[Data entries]
********************

(* Let $\mathcal{C}$ be a covering of a finite set $E$ such that the distinct indiscernible neighborhoods $I(x_1),\dots,I(x_s)$ form a partition of $E$, and let $M(E,\mathcal{I}_{SH}(\mathcal{C}))$ be the matroid whose closure operator is $SH$. Then: (1) $X$ is a base of this matroid if and only if $|X\cap I(x_i)|=1$ for all $i\in\{1,\dots,s\}$; moreover the matroid has exactly $|I(x_1)||I(x_2)|\cdots|I(x_s)|$ bases. (2) For all $X\subseteq E$, its rank is $r_{SH}(X)=|\{I(x_i):I(x_i)\cap X\neq\emptyset,\ i=1,\dots,s\}|$. (3) $X$ is dependent if and only if there exists $i$ with $|I(x_i)\cap X|>1$. (4) $X$ is a circuit if and only if there exists $i$ with $X\subseteq I(x_i)$ and $|X|=2$.
   Context: A covering of $E$ is a family of nonempty subsets of $E$ with union $E$. $I(x)=\bigcup\{K\in\mathcal{C}:x\in K\}$ and $SH(X)=\bigcup\{K\in\mathcal{C}:K\cap X\neq\emptyset\}$. Under the partition hypothesis $SH$ is the closure operator of a matroid on $E$ with independent sets $\mathcal{I}_{SH}(\mathcal{C})=\{I\subseteq E:x\notin SH(I-\{x\})\ \forall x\in I\}$. A base is a maximal independent set, a circuit a minimal dependent set, and the rank of $X$ is the maximum size of an independent subset of $X$. *)

theory Defs
  imports Main
begin

definition covering :: "'a set \<Rightarrow> 'a set set \<Rightarrow> bool" where
  "covering E C \<longleftrightarrow> (\<forall>K\<in>C. K \<noteq> {} \<and> K \<subseteq> E) \<and> \<Union>C = E"

definition indisc :: "'a set set \<Rightarrow> 'a \<Rightarrow> 'a set" where
  "indisc C x = \<Union>{K\<in>C. x \<in> K}"

definition SH :: "'a set set \<Rightarrow> 'a set \<Rightarrow> 'a set" where
  "SH C X = \<Union>{K\<in>C. K \<inter> X \<noteq> {}}"

definition partition_hyp :: "'a set \<Rightarrow> 'a set set \<Rightarrow> bool" where
  "partition_hyp E C \<longleftrightarrow>
     (\<forall>x\<in>E. \<forall>y\<in>E. indisc C x = indisc C y \<or> indisc C x \<inter> indisc C y = {})
     \<and> (\<forall>x\<in>E. indisc C x \<noteq> {}) \<and> \<Union>(indisc C ` E) = E"
(* Let $M,N\ge 1$, $\gamma>0$, $\lambda_x,\lambda_v,\lambda_w>0$, and let $\{(\hat x_i,\hat v_i)\}_{i=1}^N$ solve the centralized herding system \[ \frac{d\hat x_i}{dt}=\hat v_i,\qquad \frac{d\hat v_i}{dt}=\frac{\lambda_x}{N}\sum_{j=1}^N\hat\phi_{ij}(\hat x_j-\hat x_i)+\frac{\lambda_v}{N}\sum_{j=1}^N\hat\phi_{ij}(\hat v_j-\hat v_i)-\lambda_w\hat x_i,\qquad \hat\phi_{ij}=(1+|\hat x_i-\hat x_j|^2)^{-\gamma/2}, \] with $\sum_i\hat x_i(0)=\sum_i\hat v_i(0)=0$. Assume $\frac12(\lambda_v/\lambda_x)^2\lambda_w>1$, \[ \max_{i,j}|\hat x_i(0)-\hat x_j(0)|<\frac12\sqrt{\Big(\frac12\Big(\frac{\lambda_v}{\lambda_x}\Big)^2\lambda_w\Big)^{2/\gamma}-1},\qquad \mathcal{E}_1(0)<\frac32\Big(1-\frac{M_0}{2}\Big)\lambda_w\max_{i,j}|\hat x_i(0)-\hat x_j(0)|^2, \] where $M_0=(1+4\max_{i,j}|\hat x_i(0)-\hat x_j(0)|^2)^{-\gamma/2}$. Let $\alpha=\frac{2\lambda_x^2}{(\lambda_x+\lambda_w)\lambda_v}$. Then there is $\delta\in(0,1)$ such that, with $\kappa=\delta\min\{\frac12,-1+\frac12(\lambda_v/\lambda_x)^2\lambda_wM_0\}\alpha$, for all $t\ge0$ and $1\le i,j\le N$, \[ |\hat x_i(t)-\hat x_j(t)|^2\le C_1e^{-\kappa t}\mathcal{E}_1(0),\qquad |\hat v_i(t)-\hat v_j(t)|^2\le C_2e^{-\kappa t}\mathcal{E}_1(0), \] where $C_1=\frac{4}{(2-M_0)\lambda_w}$ and $C_2=\frac{4M_0\lambda_w}{2M_0\lambda_w-\alpha^2}$.
   Context: $|\cdot|$ is the Euclidean norm on $\mathbb{R}^M$. The centralized variables are deviations $\hat x_i=x_i-x_c$, $\hat v_i=v_i-v_c$ from the averages for a solution of the original herding model, so their sums vanish for all time. $X(t)=\sum_i|\hat x_i|^2$, $V(t)=\sum_i|\hat v_i|^2$, $C(X,V)(t)=\sum_i\hat x_i\cdot\hat v_i$, and $\mathcal{E}_1=\lambda_wX+\alpha C(X,V)+V$ with $\alpha=\frac{2\lambda_x^2}{(\lambda_x+\lambda_w)\lambda_v}$. *)

theory Defs
  imports "HOL-Analysis.Analysis"
begin

text \<open>Particles are indexed by i < N; positions/velocities live in real^'m (= R^M, M = CARD('m)).\<close>

definition herd_phi :: "real \<Rightarrow> real^'m \<Rightarrow> real^'m \<Rightarrow> real" where
  "herd_phi \<gamma> y z = (1 + (norm (y - z))\<^sup>2) powr (- \<gamma> / 2)"

definition herd_solution ::
  "nat \<Rightarrow> real \<Rightarrow> real \<Rightarrow> real \<Rightarrow> real \<Rightarrow>
   (nat \<Rightarrow> real \<Rightarrow> real^'m) \<Rightarrow> (nat \<Rightarrow> real \<Rightarrow> real^'m) \<Rightarrow> bool" where
  "herd_solution N \<gamma> lx lv lw x v \<longleftrightarrow>
     (\<forall>i<N. \<forall>t\<ge>0.
        (x i has_vector_derivative v i t) (at t within {0..}) \<and>
        (v i has_vector_derivative
            ((lx / real N) *\<^sub>R (\<Sum>j<N. herd_phi \<gamma> (x i t) (x j t) *\<^sub>R (x j t - x i t))
           + (lv / real N) *\<^sub>R (\<Sum>j<N. herd_phi \<gamma> (x i t) (x j t) *\<^sub>R (v j t - v i t))
           - lw *\<^sub>R x i t)) (at t within {0..}))"

definition Xf :: "nat \<Rightarrow> (nat \<Rightarrow> real \<Rightarrow> real^'m) \<Rightarrow> real \<Rightarrow> real" where
  "Xf N x t = (\<Sum>i<N. (norm (x i t))\<^sup>2)"

definition Vf :: "nat \<Rightarrow> (nat \<Rightarrow> real \<Rightarrow> real^'m) \<Rightarrow> real \<Rightarrow> real" where
  "Vf N v t = (\<Sum>i<N. (norm (v i t))\<^sup>2)"

definition CXV :: "nat \<Rightarrow> (nat \<Rightarrow> real \<Rightarrow> real^'m) \<Rightarrow> (nat \<Rightarrow> real \<Rightarrow> real^'m) \<Rightarrow> real \<Rightarrow> real" where
  "CXV N x v t = (\<Sum>i<N. x i t \<bullet> v i t)"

********************

#### [Task goal]
Could you reproduce the lines above, from the one that holds "(\<Sum>i<N. (norm (v" through the last, exactly as they stand?

#### [Reply]
  "Vf N v t = (\<Sum>i<N. (norm (v i t))\<^sup>2)"

definition CXV :: "nat \<Rightarrow> (nat \<Rightarrow> real \<Rightarrow> real^'m) \<Rightarrow> (nat \<Rightarrow> real \<Rightarrow> real^'m) \<Rightarrow> real \<Rightarrow> real" where
  "CXV N x v t = (\<Sum>i<N. x i t \<bullet> v i t)"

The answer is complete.